- **What the task requires**: The records that follow must all be duplicated exactly.
(Data to use begins)
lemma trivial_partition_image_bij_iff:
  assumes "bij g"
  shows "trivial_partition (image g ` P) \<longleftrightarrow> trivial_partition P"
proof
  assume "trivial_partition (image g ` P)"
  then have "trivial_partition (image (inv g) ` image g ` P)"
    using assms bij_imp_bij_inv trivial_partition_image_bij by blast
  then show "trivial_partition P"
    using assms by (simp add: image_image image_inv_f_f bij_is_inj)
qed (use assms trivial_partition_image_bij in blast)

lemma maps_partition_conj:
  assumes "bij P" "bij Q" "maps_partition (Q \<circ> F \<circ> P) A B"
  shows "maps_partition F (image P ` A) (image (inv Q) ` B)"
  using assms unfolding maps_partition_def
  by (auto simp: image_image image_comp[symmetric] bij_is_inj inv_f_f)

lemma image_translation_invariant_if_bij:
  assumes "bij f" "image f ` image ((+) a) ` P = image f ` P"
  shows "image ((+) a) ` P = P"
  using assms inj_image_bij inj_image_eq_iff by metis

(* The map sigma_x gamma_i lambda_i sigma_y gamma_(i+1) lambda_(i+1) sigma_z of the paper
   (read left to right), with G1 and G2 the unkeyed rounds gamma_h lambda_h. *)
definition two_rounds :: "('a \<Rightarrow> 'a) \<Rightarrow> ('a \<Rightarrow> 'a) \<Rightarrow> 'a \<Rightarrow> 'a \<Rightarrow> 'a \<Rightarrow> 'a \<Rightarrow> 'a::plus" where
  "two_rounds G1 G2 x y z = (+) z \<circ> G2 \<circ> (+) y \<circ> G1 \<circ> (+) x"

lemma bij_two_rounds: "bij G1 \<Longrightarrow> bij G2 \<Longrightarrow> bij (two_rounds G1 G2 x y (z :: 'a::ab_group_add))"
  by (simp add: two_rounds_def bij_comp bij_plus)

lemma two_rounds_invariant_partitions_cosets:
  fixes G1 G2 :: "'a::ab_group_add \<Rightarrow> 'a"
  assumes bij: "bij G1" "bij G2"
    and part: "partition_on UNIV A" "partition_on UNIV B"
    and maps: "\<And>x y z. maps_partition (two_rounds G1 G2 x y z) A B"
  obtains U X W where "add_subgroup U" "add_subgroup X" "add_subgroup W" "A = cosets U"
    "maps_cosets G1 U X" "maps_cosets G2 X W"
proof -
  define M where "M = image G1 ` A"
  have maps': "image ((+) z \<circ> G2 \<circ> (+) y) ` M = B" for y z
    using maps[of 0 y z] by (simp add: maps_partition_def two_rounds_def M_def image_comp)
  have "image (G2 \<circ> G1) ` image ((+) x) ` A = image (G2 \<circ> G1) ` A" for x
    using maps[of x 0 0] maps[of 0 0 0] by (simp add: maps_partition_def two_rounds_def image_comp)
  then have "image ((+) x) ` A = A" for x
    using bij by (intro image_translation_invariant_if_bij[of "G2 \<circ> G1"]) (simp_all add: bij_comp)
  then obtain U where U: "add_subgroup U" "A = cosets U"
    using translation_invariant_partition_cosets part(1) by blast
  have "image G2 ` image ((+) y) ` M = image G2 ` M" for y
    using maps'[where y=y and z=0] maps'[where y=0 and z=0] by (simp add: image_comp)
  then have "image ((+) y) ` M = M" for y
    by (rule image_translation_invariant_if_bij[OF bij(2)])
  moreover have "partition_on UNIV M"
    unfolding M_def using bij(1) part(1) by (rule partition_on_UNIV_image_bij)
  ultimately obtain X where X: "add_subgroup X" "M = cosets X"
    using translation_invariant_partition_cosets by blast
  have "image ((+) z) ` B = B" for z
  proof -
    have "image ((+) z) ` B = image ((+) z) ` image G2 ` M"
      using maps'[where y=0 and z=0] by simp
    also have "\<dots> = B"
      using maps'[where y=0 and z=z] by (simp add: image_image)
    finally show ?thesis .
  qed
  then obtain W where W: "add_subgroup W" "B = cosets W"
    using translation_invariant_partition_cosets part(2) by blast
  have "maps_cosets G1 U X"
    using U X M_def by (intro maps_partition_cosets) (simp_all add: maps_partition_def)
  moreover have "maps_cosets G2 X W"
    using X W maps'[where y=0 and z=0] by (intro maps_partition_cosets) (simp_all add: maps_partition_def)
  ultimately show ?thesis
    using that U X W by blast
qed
(Data to use ends)
- **Exercise answer**:
lemma trivial_partition_image_bij_iff:
  assumes "bij g"
  shows "trivial_partition (image g ` P) \<longleftrightarrow> trivial_partition P"
proof
  assume "trivial_partition (image g ` P)"
  then have "trivial_partition (image (inv g) ` image g ` P)"
    using assms bij_imp_bij_inv trivial_partition_image_bij by blast
  then show "trivial_partition P"
    using assms by (simp add: image_image image_inv_f_f bij_is_inj)
qed (use assms trivial_partition_image_bij in blast)

lemma maps_partition_conj:
  assumes "bij P" "bij Q" "maps_partition (Q \<circ> F \<circ> P) A B"
  shows "maps_partition F (image P ` A) (image (inv Q) ` B)"
  using assms unfolding maps_partition_def
  by (auto simp: image_image image_comp[symmetric] bij_is_inj inv_f_f)

lemma image_translation_invariant_if_bij:
  assumes "bij f" "image f ` image ((+) a) ` P = image f ` P"
  shows "image ((+) a) ` P = P"
  using assms inj_image_bij inj_image_eq_iff by metis

(* The map sigma_x gamma_i lambda_i sigma_y gamma_(i+1) lambda_(i+1) sigma_z of the paper
   (read left to right), with G1 and G2 the unkeyed rounds gamma_h lambda_h. *)
definition two_rounds :: "('a \<Rightarrow> 'a) \<Rightarrow> ('a \<Rightarrow> 'a) \<Rightarrow> 'a \<Rightarrow> 'a \<Rightarrow> 'a \<Rightarrow> 'a \<Rightarrow> 'a::plus" where
  "two_rounds G1 G2 x y z = (+) z \<circ> G2 \<circ> (+) y \<circ> G1 \<circ> (+) x"

lemma bij_two_rounds: "bij G1 \<Longrightarrow> bij G2 \<Longrightarrow> bij (two_rounds G1 G2 x y (z :: 'a::ab_group_add))"
  by (simp add: two_rounds_def bij_comp bij_plus)

lemma two_rounds_invariant_partitions_cosets:
  fixes G1 G2 :: "'a::ab_group_add \<Rightarrow> 'a"
  assumes bij: "bij G1" "bij G2"
    and part: "partition_on UNIV A" "partition_on UNIV B"
    and maps: "\<And>x y z. maps_partition (two_rounds G1 G2 x y z) A B"
  obtains U X W where "add_subgroup U" "add_subgroup X" "add_subgroup W" "A = cosets U"
    "maps_cosets G1 U X" "maps_cosets G2 X W"
proof -
  define M where "M = image G1 ` A"
  have maps': "image ((+) z \<circ> G2 \<circ> (+) y) ` M = B" for y z
    using maps[of 0 y z] by (simp add: maps_partition_def two_rounds_def M_def image_comp)
  have "image (G2 \<circ> G1) ` image ((+) x) ` A = image (G2 \<circ> G1) ` A" for x
    using maps[of x 0 0] maps[of 0 0 0] by (simp add: maps_partition_def two_rounds_def image_comp)
  then have "image ((+) x) ` A = A" for x
    using bij by (intro image_translation_invariant_if_bij[of "G2 \<circ> G1"]) (simp_all add: bij_comp)
  then obtain U where U: "add_subgroup U" "A = cosets U"
    using translation_invariant_partition_cosets part(1) by blast
  have "image G2 ` image ((+) y) ` M = image G2 ` M" for y
    using maps'[where y=y and z=0] maps'[where y=0 and z=0] by (simp add: image_comp)
  then have "image ((+) y) ` M = M" for y
    by (rule image_translation_invariant_if_bij[OF bij(2)])
  moreover have "partition_on UNIV M"
    unfolding M_def using bij(1) part(1) by (rule partition_on_UNIV_image_bij)
  ultimately obtain X where X: "add_subgroup X" "M = cosets X"
    using translation_invariant_partition_cosets by blast
  have "image ((+) z) ` B = B" for z
  proof -
    have "image ((+) z) ` B = image ((+) z) ` image G2 ` M"
      using maps'[where y=0 and z=0] by simp
    also have "\<dots> = B"
      using maps'[where y=0 and z=z] by (simp add: image_image)
    finally show ?thesis .
  qed
  then obtain W where W: "add_subgroup W" "B = cosets W"
    using translation_invariant_partition_cosets part(2) by blast
  have "maps_cosets G1 U X"
    using U X M_def by (intro maps_partition_cosets) (simp_all add: maps_partition_def)
  moreover have "maps_cosets G2 X W"
    using X W maps'[where y=0 and z=0] by (intro maps_partition_cosets) (simp_all add: maps_partition_def)
  ultimately show ?thesis
    using that U X W by blast
qed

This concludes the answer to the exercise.